What is "resealing" probate?

"Resealing" is the process of having the local provincial or territorial court confirm a Grant of Probate from another jurisdiction. Usually when a person passes away, the Grant of Probate that is obtained from the court is sufficient to deal with all of the assets the person owns. However, when there is real property (land, house, cottage, mineral rights, etc) in another province or territory, or assets of any kind in Commonwealth countries, the Grant of Probate is not enough.

For example, a Grant of Probate from Alberta is not sufficient to transfer land in Ontario. The Alberta Grant of Probate would have to be resealed in Ontario.

I've had to obtain resealed Grants in England, Scotland and Isle of Jersey and in each case it was time-consuming but went smoothly. It's not something you would try to do without legal assistance.

The process is very similar to applying for the original Grant of Probate.

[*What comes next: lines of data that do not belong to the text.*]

lemma reduce_on_expandable:
  assumes z: "z \<in> chains n m"
  obtains b where "b \<in> chains (Suc n) m" "\<And>w. expandable w \<Longrightarrow> z w = bdry b w"
proof -
  obtain b where b: "b \<in> chains (Suc n) m"
    and below: "\<forall>w. expandable w \<and> pattern_prefix w < Suc n \<longrightarrow> z w = bdry b w"
    using reduce_on_expandable_below[OF z] by blast
  have "z w = bdry b w" if "expandable w" for w
  proof (cases "w \<in> basis_words n m")
    case True
    then show ?thesis
      using below that pattern_prefix_le[of w] unfolding basis_words_def by auto
  next
    case False
    then have "z w = 0" "bdry b w = 0"
      using z bdry_chains[OF b] unfolding chains_def by blast+
    then show ?thesis
      by simp
  qed
  then show ?thesis
    using that b by blast
qed

lemma incidence_onto_expandable:
  assumes "expandable u" "incidence y u \<noteq> (0::'k::field)"
  shows "y = expand u \<or> (pattern_prefix y < pattern_prefix u \<and> pattern_prefix y < length y)
    \<or> expandable y"
proof -
  obtain i where "i \<in> {1..<length y}" "contract y i = Some u"
    using assms(2) unfolding incidence_def
    by (auto elim: sum.not_neutral_contains_not_neutral split: if_splits)
  then show ?thesis
    using contract_onto_expandable[OF assms(1)] by fastforce
qed
lemma strong_minimum_principle:
  fixes v :: "real^'n \<Rightarrow> real"
  assumes super: "viscosity_supersolution F v"
    and b_cont: "continuous_on UNIV b" and g_cont: "continuous_on UNIV g"
    and cv: "\<And>x. c x * v x \<le> 0"
    and min: "\<And>y. v x\<^sub>1 \<le> v y"
  shows "v z = v x\<^sub>1"
proof (rule ccontr)
  assume "v z \<noteq> v x\<^sub>1"
  define m where "m = v x\<^sub>1"
  have m: "m \<le> v y" for y using min by (simp add: m_def)
  have "m < v z" using m[of z] \<open>v z \<noteq> v x\<^sub>1\<close> by (simp add: m_def)
  then obtain x\<^sub>s where "v x\<^sub>s \<le> m" "0 < dist z x\<^sub>s"
    and above: "\<And>y. dist z y < dist z x\<^sub>s \<Longrightarrow> m < v y"
    using lsc_nearest_sublevel_point[OF viscosity_supersolution_lsc[OF super], of x\<^sub>1 m]
    by (auto simp: m_def)
  then have x\<^sub>s: "v x\<^sub>s = m" using m[of x\<^sub>s] by simp
  define \<rho> where "\<rho> = dist z x\<^sub>s"
  have "0 < \<rho>" using \<open>0 < dist z x\<^sub>s\<close> by (simp add: \<rho>_def)
  then have "sphere z (\<rho> / 2) \<noteq> {}" by simp
  then obtain q where q: "q \<in> sphere z (\<rho> / 2)" and q_min: "\<And>y. y \<in> sphere z (\<rho> / 2) \<Longrightarrow> v q \<le> v y"
    by (rule lsc_attains_min[OF viscosity_supersolution_lsc[OF super] compact_sphere]) blast
  define \<mu> where "\<mu> = v q - m"
  have "dist z q < \<rho>" using q \<open>0 < \<rho>\<close> by simp
  then have "dist z q < dist z x\<^sub>s" by (simp add: \<rho>_def)
  then have "0 < \<mu>" using above by (simp add: \<mu>_def)
  have "continuous_on (cball z \<rho>) (\<lambda>x. norm (b x) + g x)"
    using continuous_on_subset[OF b_cont] continuous_on_subset[OF g_cont]
    by (intro continuous_on_add continuous_on_norm) auto
  then have "bounded ((\<lambda>x. norm (b x) + g x) ` cball z \<rho>)"
    using compact_continuous_image compact_cball compact_imp_bounded by blast
  then obtain C where "0 < C" and C_bound: "\<forall>u\<in>(\<lambda>x. norm (b x) + g x) ` cball z \<rho>. norm u \<le> C"
    unfolding bounded_pos by blast
  have C: "norm (b x) + g x \<le> C" if "dist z x \<le> \<rho>" for x
    using C_bound[rule_format, OF imageI[of x "cball z \<rho>"]] that by simp
  define \<alpha> where "\<alpha> = hopf_exponent C \<rho>"
  define G where "G = (\<lambda>s. m + \<mu> * (exp (- \<alpha> * s) - exp (- \<alpha> * \<rho>\<^sup>2)))"
  define G' where "G' = (\<lambda>s. - \<alpha> * \<mu> * exp (- \<alpha> * s))"
  define G'' where "G'' = (\<lambda>s. \<alpha>\<^sup>2 * \<mu> * exp (- \<alpha> * s))"
  define \<phi> where "\<phi> = (\<lambda>x. G ((norm (x - z))\<^sup>2))"
  have below: "\<phi> y \<le> v y" if "\<rho> / 2 \<le> dist z y" for y
    unfolding \<phi>_def G_def \<alpha>_def
  proof (rule exp_barrier_below[OF super cv \<open>0 < \<mu>\<close> \<open>0 < \<rho>\<close> less_imp_le[OF \<open>0 < C\<close>] C m _ that])
    show "m + \<mu> \<le> v y" if "dist z y = \<rho> / 2" for y
      using q_min[of y] that by (simp add: \<mu>_def)
  qed
  text \<open>\<open>\<phi>\<close> touches \<open>v\<close> from below at \<open>x\<^sub>s\<close>, where it is a strict subsolution.\<close>
  have "v x\<^sub>s - \<phi> x\<^sub>s \<le> v y - \<phi> y" if "y \<in> ball x\<^sub>s (\<rho> / 2)" for y
  proof -
    have "\<rho> / 2 \<le> dist z y"
      using that dist_triangle[of z x\<^sub>s y] dist_commute[of y x\<^sub>s] by (simp add: \<rho>_def)
    moreover have "\<phi> x\<^sub>s = v x\<^sub>s"
      by (simp add: \<phi>_def G_def x\<^sub>s \<rho>_def dist_norm norm_minus_commute)
    ultimately show ?thesis
      using below[of y] by simp
  qed
  moreover have "C2_with \<phi> (radial_grad G' z) (radial_hess G' G'' z)"
    unfolding \<phi>_def G_def G'_def G''_def by (rule C2_with_exp_barrier)
  ultimately have "0 \<le> F x\<^sub>s (v x\<^sub>s) (radial_grad G' z x\<^sub>s) (radial_hess G' G'' z x\<^sub>s)"
    using \<open>0 < \<rho>\<close> by (intro viscosity_supersolutionD[OF super, of _ _ _ "\<rho> / 2"]) auto
  moreover have "F x\<^sub>s (v x\<^sub>s) (radial_grad G' z x\<^sub>s) (radial_hess G' G'' z x\<^sub>s) < 0"
    unfolding G'_def G''_def \<alpha>_def
    using \<open>0 < \<rho>\<close> C[of x\<^sub>s]
    by (intro exp_barrier_strict_subsolution \<open>0 < \<mu>\<close> \<open>0 < C\<close>[THEN less_imp_le] cv)
      (auto simp: \<rho>_def)
  ultimately show False by simp
qed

It can't be exactly the same, because the original Will is not available, having already been submitted to the first court. The other difference is that the first Grant of Probate would have included a detailed inventory of all kinds of assets and debts. The resealing application will only address the real property (and any related debts etc) that is in the new jurisdiction. This means that the probate/resealing court fee is usually significantly smaller than the original application.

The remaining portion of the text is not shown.